Dengan melompat pada kesimpulan tentang dugaan serangan senjata kimia di Suriah, kabinet perang Donald Trump dan para pendukungnya dengan gegabah justru mendorong pada konfrontasi militer antara Rusia dan Amerika Serikat.
Presiden Trump mengumumkan pada hari Senin bahwa "semua orang" (yang dimaksud adalah Rusia dan Suriah) "akan membayar harga" untuk terjadinya serangan kimia di Douma, yang merupakan kota di pinggiran Damaskus yang ada di bawah kendali pemberontak Jaysh al Islam.
Trump juga mengatakan bahwa dia meminta Rusia bertanggung jawab atas serangan yang masih belum diverifikasi. Hal ini menandakan eskalasi hubungan antara Rusia dan AS. Media AS tidak lagi memedulikan validitas berita yang mereka tayangkan. Sekalipun hal tersebut akan berpotensi menimbulkan bahaya yang luar biasa. Mereka hanya mengikuti histeria anti Rusia.
Media juga mengabaikan beberapa rincian penting yang mengarah pada dugaan serangan. Rincian yang menimbulkan pertanyaan serius tentang siapa yang bertanggung jawab.
Penentuan Waktu Serangan yang Mencurigakan
Pemerintah Suriah berada dalam posisi yang lebih kuat daripada saat awal perang dan Douma akan segera bebas. Sungguh sangat tidak masuk akal bila pemerintahan Assad meluncurkan serangan senjata kimia di saat seperti ini. Tidak ada keuntungan sedikipun bagi pemerintah Suriah. Ini saja harus menyebabkan beberapa skeptisisme serius, terutama mengingat kronologi peristiwa yang mengarah ke dugaan serangan.
Douma adalah sebuah kota di Ghouta Timur yang berada di bawah kendali Jaysh al Islam , kelompok jihad pemberontak yang didukung Saudi yang berusaha untuk menggulingkan pemerintah Presiden Assad dan akan mengganti dengan negara Islam.

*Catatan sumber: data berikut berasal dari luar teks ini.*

lemma interface_index_exists:
  assumes "interface \<Sigma> R" "1 \<le> n" "n \<le> label_count R l"
  obtains x where "R x = Some (l, n)"
proof -
  have "n \<in> idx_of R ` with_label R l" using assms unfolding interface_def label_count_def by auto
  then obtain x where "x \<in> with_label R l" "idx_of R x = n" by auto
  then show ?thesis using that by (auto simp: with_label_iff idx_of_def)
qed

lemma interface_index_unique:
  assumes "interface \<Sigma> R" "R x = Some (l, n)" "R y = Some (l, n)"
  shows "x = y"
proof -
  have "inj_on (idx_of R) (with_label R l)" using assms(1) unfolding interface_def by blast
  moreover have "x \<in> with_label R l" "y \<in> with_label R l" using assms by (auto simp: with_label_iff)
  moreover have "idx_of R x = idx_of R y" using assms by (simp add: idx_of_def)
  ultimately show ?thesis by (meson inj_onD)
qed

lemma interfaceI_label_count:
  assumes fin: "finite (dom R)"
    and bounds: "\<And>x l n. R x = Some (l, n) \<Longrightarrow> l \<in> \<Sigma> \<and> 1 \<le> n \<and> n \<le> N l"
    and exists: "\<And>l n. 1 \<le> n \<Longrightarrow> n \<le> N l \<Longrightarrow> \<exists>x. R x = Some (l, n)"
    and unique: "\<And>x y l n. R x = Some (l, n) \<Longrightarrow> R y = Some (l, n) \<Longrightarrow> x = y"
  shows "interface \<Sigma> R \<and> (\<forall>l. label_count R l = N l)"
proof -
  have inj: "inj_on (idx_of R) (with_label R l)" for l
    by (rule inj_onI) (auto simp: with_label_iff idx_of_def intro: unique)
  have img: "idx_of R ` with_label R l = {1..N l}" for l
  proof
    show "idx_of R ` with_label R l \<subseteq> {1..N l}"
      using bounds by (auto simp: with_label_iff idx_of_def)
    show "{1..N l} \<subseteq> idx_of R ` with_label R l"
    proof
      fix n assume "n \<in> {1..N l}"
      then obtain x where "R x = Some (l, n)" using exists by auto
      then show "n \<in> idx_of R ` with_label R l" by (force simp: with_label_iff idx_of_def)
    qed
  qed
  have "label_count R l = N l" for l
    using card_image[OF inj] img by (simp add: label_count_def)
  moreover have "\<forall>x\<in>dom R. lab_of R x \<in> \<Sigma>" using bounds by (auto simp: lab_of_def)
  ultimately show ?thesis using fin inj img unfolding interface_def by (simp add: label_count_def)
qed

section \<open>Reversed and renamed modules\<close>

definition dual :: "('v, 'l) module \<Rightarrow> ('v, 'l) module" where
  "dual G = \<lparr>nodes = nodes G, edges = edges G, lif = rif G, rif = lif G\<rparr>"

lemma dual_sel [simp]:
  "nodes (dual G) = nodes G" "edges (dual G) = edges G" "lif (dual G) = rif G" "rif (dual G) = lif G"
  by (simp_all add: dual_def)

lemma hp_dual: "hp (dual B) (dual A) x y = hp A B y x"
  unfolding hp_def harmonic_def dual_sel by argo

lemma prime_dual: "prime (dual B) (dual A) = prime A B"
  by (rule ext) (auto simp: prime_def hp_dual)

Jaysh al Islam sendiri merupakan kelompok teroris takfiri yang bertujuan untuk menegakkan Khilafah (Negara) Islam. Pendiri Jaysh al Islam, almarhum Zahran Alloush, telah secara terbuka menyerukan pembersihan etnis minoritas agama di Damaskus.
Jays al Islam juga terlibat pada pembunuhan massal penduduk sipil dan dengan secara terbuka mengarak perempuan sipil dari sekte minoritas Alawiyah. Mereka dikandangkan di jalanan sebagai tameng manusia dalam menghadapi gempuran pasukan pemerintah Presiden Assad yang dibantu Rusia.
Kelompok minoritas ini berada di antara ratusan warga sipil. Mereka disandera oleh kelompok Jays al Islam selama bertahun-tahun di Douma. Media Barat pun memberitakan hal yang tidak masuk akal dengan mengatakan bahwa pemerintah menggunakan senjata kimia dan itu mempertaruhkan keselamatan para sandera. Padahal negosiasi antara pemerintah dan Jays al Islam dilakukan dengan intens.
Putaran terakhir perundingan yang alot antara Jays al Islam dengan pemerintah Suriah bertepatan dengan pertempuran berbulan-bulan untuk mengusir militan takfiri dari Ghouta Timur. Pemerintah Suriah bisa dipastikan segera memenangkan perang dengan para perusuh ini, dan telah berhasil merebut kembali 90 persen wilayah Ghouta Timur.
Baru-baru ini, kelompok Jaysh al Islam ditawari sebuah kesepakatan oleh Rusia untuk menghentikan perlawanan mereka. Sebagai gantinya, para militan yang ingin tinggal di Douma bisa menjadi pasukan keamanan di Douma. Sementara itu, pemerintah Suriah telah mengijinkan kelompok militan lainnya mengungsi ke Suriah Utara.
Skenario ini tidak bisa diterapkan untuk kelompok Jaysh al Islam. Menurut sumber yang terlibat perundingan, hal ini disebabkan Turki dan kelompok militan Al Qaeda yang mendominasi di Idlib tidak bergaul dengan Jays al Islam.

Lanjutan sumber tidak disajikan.